The XT11GT Pro is made from aluminum and is anodized in a smooth medium gloss black anodizing. Visually it’s different then the standard XT11GT. It features the same tactical tail cap, with the large center button being a mechanical switch with a grippy silicon cover and the paddle on the side to allow for mode selection. The paddle was upgraded to aluminum here for incredibility. The clip is a clip on, non fixed and rotates around the body of the light. It’s not deep carry with it leaving about 32mm exposed from a pocket. 

The body is milled with small horizontal lines going around the body of the light and then it has small relieves milled in. It’s a nice change from traditional knurling and provides a good amount of grip. The threads are nice and square cut and it’s a dual wall construction. The head and body tube appear to be once piece. As we get to the head of the light it grows in size, It’s got a built in anti roll ring that adds some style and nicely disguises the USB charging port cover. This is definitely one of the better designs I have seen for this. 

The bezel is a little aggressive and the outer edges have some sharper sides. It’s a gunmetal color and stainless steel I believe. It’s easily unscrewed by hand. Inside is a anti reflective coated glass lens, a fairly deep smooth reflector 

 

Size and Weight

I measured the length at 139mm, minimum diameter on the body at 25mm, maximum diameter on the head at 35mm. Weight with the included battery and clip was 169.2g. 

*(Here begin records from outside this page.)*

lemma dual_potentialsI:
  "C \<in> hollow_sym \<Longrightarrow> W = (\<lambda>i j. u i + v j - C i j) \<Longrightarrow> W \<in> dual_potentials"
  unfolding dual_potentials_def by blast

lemma dual_potentials_nonempty: "dual_potentials \<noteq> {}"
  using dual_potentialsI[of "\<lambda>_ _. 0" "\<lambda>_ _. 0" "\<lambda>_. 0" "\<lambda>_. 0"] unfolding hollow_sym_def by auto

definition hollow_part :: "('n \<Rightarrow> 'n \<Rightarrow> real) \<Rightarrow> 'n \<Rightarrow> 'n \<Rightarrow> real" where
  "hollow_part W i j = (W i i + W j j - W i j - W j i) / 2"

lemma hollow_part_potential:
  assumes "C \<in> hollow_sym"
  shows "hollow_part (\<lambda>i j. u i + v j - C i j) = C"
  using assms unfolding hollow_sym_def hollow_part_def by (auto simp: fun_eq_iff)

lemma dual_potentials_iff:
  "W \<in> dual_potentials \<longleftrightarrow> hollow_part W \<in> hollow_sym \<and>
     (\<forall>i j. W i j = (W i l + hollow_part W i l - W l l) + (W l j + hollow_part W l j) - hollow_part W i j)"
proof
  assume "W \<in> dual_potentials"
  then obtain u v C where C: "C \<in> hollow_sym" and W: "W = (\<lambda>i j. u i + v j - C i j)"
    unfolding dual_potentials_def by blast
  have eq: "\<forall>i j. W i j = (W i l + C i l - W l l) + (W l j + C l j) - C i j"
  proof -
    have "C l l = 0" using C unfolding hollow_sym_def by auto
    then show ?thesis unfolding W by simp
  qed
  have hollow_part_W: "hollow_part W = C" unfolding W using C by (rule hollow_part_potential)
  show "hollow_part W \<in> hollow_sym \<and>
     (\<forall>i j. W i j = (W i l + hollow_part W i l - W l l) + (W l j + hollow_part W l j) - hollow_part W i j)"
    unfolding hollow_part_W using C eq by (rule conjI)
next
  assume H: "hollow_part W \<in> hollow_sym \<and>
     (\<forall>i j. W i j = (W i l + hollow_part W i l - W l l) + (W l j + hollow_part W l j) - hollow_part W i j)"
  show "W \<in> dual_potentials"
  proof (rule dual_potentialsI[where u = "\<lambda>i. W i l + hollow_part W i l - W l l"
        and v = "\<lambda>j. W l j + hollow_part W l j"])
    show "hollow_part W \<in> hollow_sym" using H by blast
    show "W = (\<lambda>i j. (W i l + hollow_part W i l - W l l) + (W l j + hollow_part W l j) - hollow_part W i j)"
      by (intro ext) (rule H[THEN conjunct2, rule_format])
  qed
qed

lemma dual_potentials_closed: "entrywise_seq_closed (dual_potentials :: ('n::finite \<Rightarrow> 'n \<Rightarrow> real) set)"
  unfolding entrywise_seq_closed_def
proof (intro allI impI, elim conjE)
  fix Ws and W :: "'n \<Rightarrow> 'n \<Rightarrow> real" and l :: 'n
  assume Ws: "\<forall>k. Ws k \<in> dual_potentials" and conv: "\<forall>i j. (\<lambda>k. Ws k i j) \<longlonglongrightarrow> W i j"
  have hollow_conv: "(\<lambda>k. hollow_part (Ws k) i j) \<longlonglongrightarrow> hollow_part W i j" for i j
    unfolding hollow_part_def by (auto intro!: tendsto_intros conv[rule_format])
  have "0 \<le> hollow_part W i j" for i j
    using Ws[rule_format] unfolding dual_potentials_iff[of _ l] hollow_sym_def
    by (intro LIMSEQ_le_const[OF hollow_conv]) auto
  then have "hollow_part W \<in> hollow_sym"
    unfolding hollow_sym_def hollow_part_def by auto
  moreover have "W i j = (W i l + hollow_part W i l - W l l) + (W l j + hollow_part W l j) - hollow_part W i j" for i j
  proof (rule LIMSEQ_unique[OF conv[rule_format]])
    have "Ws k i j = (Ws k i l + hollow_part (Ws k) i l - Ws k l l) + (Ws k l j + hollow_part (Ws k) l j)
        - hollow_part (Ws k) i j" for k
      using Ws[rule_format, of k] unfolding dual_potentials_iff[of _ l] by blast
    moreover have "(\<lambda>k. (Ws k i l + hollow_part (Ws k) i l - Ws k l l) + (Ws k l j + hollow_part (Ws k) l j)
        - hollow_part (Ws k) i j) \<longlonglongrightarrow> (W i l + hollow_part W i l - W l l) + (W l j + hollow_part W l j) - hollow_part W i j"
      by (intro tendsto_intros conv[rule_format] hollow_conv)
    ultimately show "(\<lambda>k. Ws k i j) \<longlonglongrightarrow> (W i l + hollow_part W i l - W l l) + (W l j + hollow_part W l j) - hollow_part W i j"
      by simp
  qed
  ultimately show "W \<in> dual_potentials" unfolding dual_potentials_iff[of _ l] by blast
qed

lemma dual_potentials_convex:
  assumes "W \<in> dual_potentials" "W' \<in> dual_potentials" "0 \<le> t" "t \<le> 1"
  shows "(\<lambda>i j. (1 - t) * W i j + t * W' i j) \<in> dual_potentials"
proof -
  obtain u v C u' v' C' where C: "C \<in> hollow_sym" "C' \<in> hollow_sym"
    and W: "W = (\<lambda>i j. u i + v j - C i j)" "W' = (\<lambda>i j. u' i + v' j - C' i j)"
    using assms(1,2) unfolding dual_potentials_def by blast
  have "(\<lambda>i j. (1 - t) * C i j + t * C' i j) \<in> hollow_sym"
    using C assms(3,4) unfolding hollow_sym_def by auto
  then show ?thesis
    by (rule dual_potentialsI[where u = "\<lambda>i. (1 - t) * u i + t * u' i" and v = "\<lambda>j. (1 - t) * v j + t * v' j"])
      (simp add: W fun_eq_iff algebra_simps)
qed

lemma scaled_potential_in_dual_potentials:
  assumes "gamma > 0" "C \<in> hollow_sym"
  shows "(\<lambda>i j. (u i + v j - C i j) / gamma) \<in> dual_potentials"
proof (rule dual_potentialsI[where u = "\<lambda>i. u i / gamma" and v = "\<lambda>j. v j / gamma"
      and C = "\<lambda>i j. C i j / gamma"])
  show "(\<lambda>i j. C i j / gamma) \<in> hollow_sym"
    using assms unfolding hollow_sym_def by auto
qed (simp add: fun_eq_iff diff_divide_distrib add_divide_distrib)

lemma dual_potentials_scaledE:
  assumes "gamma > 0" "W \<in> dual_potentials"
  obtains u v C where "C \<in> hollow_sym" "W = (\<lambda>i j. (u i + v j - C i j) / gamma)"
proof -
  obtain u v C where C: "C \<in> hollow_sym" and W: "W = (\<lambda>i j. u i + v j - C i j)"
    using assms(2) unfolding dual_potentials_def by blast
  have "(\<lambda>i j. gamma * C i j) \<in> hollow_sym"
    using C assms(1) unfolding hollow_sym_def by auto
  moreover have "W = (\<lambda>i j. (gamma * u i + gamma * v j - gamma * C i j) / gamma)"
    using assms(1) unfolding W by (auto simp: fun_eq_iff field_simps)
  ultimately show thesis by (rule that)
qed

lemma dual_obj_minimizer_iff:
  fixes u v :: "'n::finite \<Rightarrow> real" and C :: "'n \<Rightarrow> 'n \<Rightarrow> real"
  assumes "gamma > 0"
  shows "(\<forall>u' v' C'. C' \<in> hollow_sym \<longrightarrow> dual_obj psi gamma Xh u v C \<le> dual_obj psi gamma Xh u' v' C') \<longleftrightarrow>
    (\<forall>W\<in>dual_potentials. reduced_dual_obj psi Xh (\<lambda>i j. (u i + v j - C i j) / gamma) \<le> reduced_dual_obj psi Xh W)"
  unfolding dual_obj_eq_reduced_dual_obj
proof (intro iffI ballI allI impI)
  fix W :: "'n \<Rightarrow> 'n \<Rightarrow> real"
  assume H: "\<forall>u' v' C'. C' \<in> hollow_sym \<longrightarrow> reduced_dual_obj psi Xh (\<lambda>i j. (u i + v j - C i j) / gamma)
      \<le> reduced_dual_obj psi Xh (\<lambda>i j. (u' i + v' j - C' i j) / gamma)"
    and "W \<in> dual_potentials"
  then obtain u' v' C' where "C' \<in> hollow_sym" "W = (\<lambda>i j. (u' i + v' j - C' i j) / gamma)"
    using dual_potentials_scaledE[OF assms] by blast
  with H show "reduced_dual_obj psi Xh (\<lambda>i j. (u i + v j - C i j) / gamma) \<le> reduced_dual_obj psi Xh W"
    by simp
next
  fix u' v' :: "'n \<Rightarrow> real" and C' :: "'n \<Rightarrow> 'n \<Rightarrow> real"
  assume "\<forall>W\<in>dual_potentials. reduced_dual_obj psi Xh (\<lambda>i j. (u i + v j - C i j) / gamma)
      \<le> reduced_dual_obj psi Xh W" and "C' \<in> hollow_sym"
  then show "reduced_dual_obj psi Xh (\<lambda>i j. (u i + v j - C i j) / gamma)
      \<le> reduced_dual_obj psi Xh (\<lambda>i j. (u' i + v' j - C' i j) / gamma)"
    using scaled_potential_in_dual_potentials[OF assms] by blast
qed

lemma dual_obj_attains_min:
  fixes Xh :: "'n::finite \<Rightarrow> 'n \<Rightarrow> real"
  assumes "gamma > 0" "\<forall>i j. Xh i j \<in> interior I"
  shows "\<exists>u v C. C \<in> hollow_sym \<and> (\<forall>u' v' C'. C' \<in> hollow_sym \<longrightarrow>
    dual_obj (fenchel_conj I phi) gamma Xh u v C \<le> dual_obj (fenchel_conj I phi) gamma Xh u' v' C')"
proof -
  let ?G = "reduced_dual_obj (fenchel_conj I phi) Xh"
  have "\<exists>W\<in>dual_potentials. \<forall>Y\<in>dual_potentials. ?G W \<le> ?G Y"
    by (rule reduced_dual_obj_attains_min[OF assms(2) dual_potentials_nonempty dual_potentials_closed])
  then obtain W where W: "W \<in> dual_potentials" "\<forall>Y\<in>dual_potentials. ?G W \<le> ?G Y" by blast
  obtain u v C where "C \<in> hollow_sym" "W = (\<lambda>i j. (u i + v j - C i j) / gamma)"
    using dual_potentials_scaledE[OF assms(1) W(1)] by blast
  with W(2) have "C \<in> hollow_sym \<and> (\<forall>u' v' C'. C' \<in> hollow_sym \<longrightarrow>
      dual_obj (fenchel_conj I phi) gamma Xh u v C \<le> dual_obj (fenchel_conj I phi) gamma Xh u' v' C')"
    unfolding dual_obj_minimizer_iff[OF assms(1)] by simp
  then show ?thesis by blast
qed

For an 18650 light it’s a little on the long side, but that’s not unexpected with the deeper reflector. Here are some comparison shots with the light and some others.

 

Retention

Your 2 Retention methods on this light is with the included pocket clip. Unfortunately this isn’t deep carry carry with about 32mm of the light exposed if you do decide to use the clip. With the size of this light that’s ok, as I think it’s more of a bag or coat light myself. The included holster does the job pretty well too, no complaints there. 

 

LED & Beamshots

The XT11 GT Pro is using the Cree XHP 35 HD LED in cool white at 6500k. This is an interesting choice of LED”s since it’s officially been discontinued by Cree. That said plenty of existing stock still exists and Klarus must feel like they have enough to meet the expected demand of this light. The beam it’s self is a good all arounder. The deep smoother reflector means the light has a fairly small hotspot and it throws pretty well but there is also spill to allow for short and medium range light. So a good all around beam. 

The light will run on 18650 batteries which is how I will use it, but it will also run on 2x CR123a batteries which is nice as a backup. As a result the working voltage is 2.8V to 6.4V/ No PWM was observed. 

 

Runtime & Heat

I measured runtime with the included 3100mAh battery. Turbo runtime was 50 seconds before stepping down to 90% and then it ran for another 2 minutes 10 seconds before settling at 30% relative output where it ran for an additional 1:37:00. Total runtime was 2 hours. Max Heat I saw was 42C at 1:35. 

 

UI

Like many of Klarus recent lights this has 2 modes of operation, a Tactical and a Outdoor setting. The tactical mode allows the main button on the rear of the light to go to turbo, and the paddle to be a shortcut for strobe that you can lock on by holding for 2 seconds.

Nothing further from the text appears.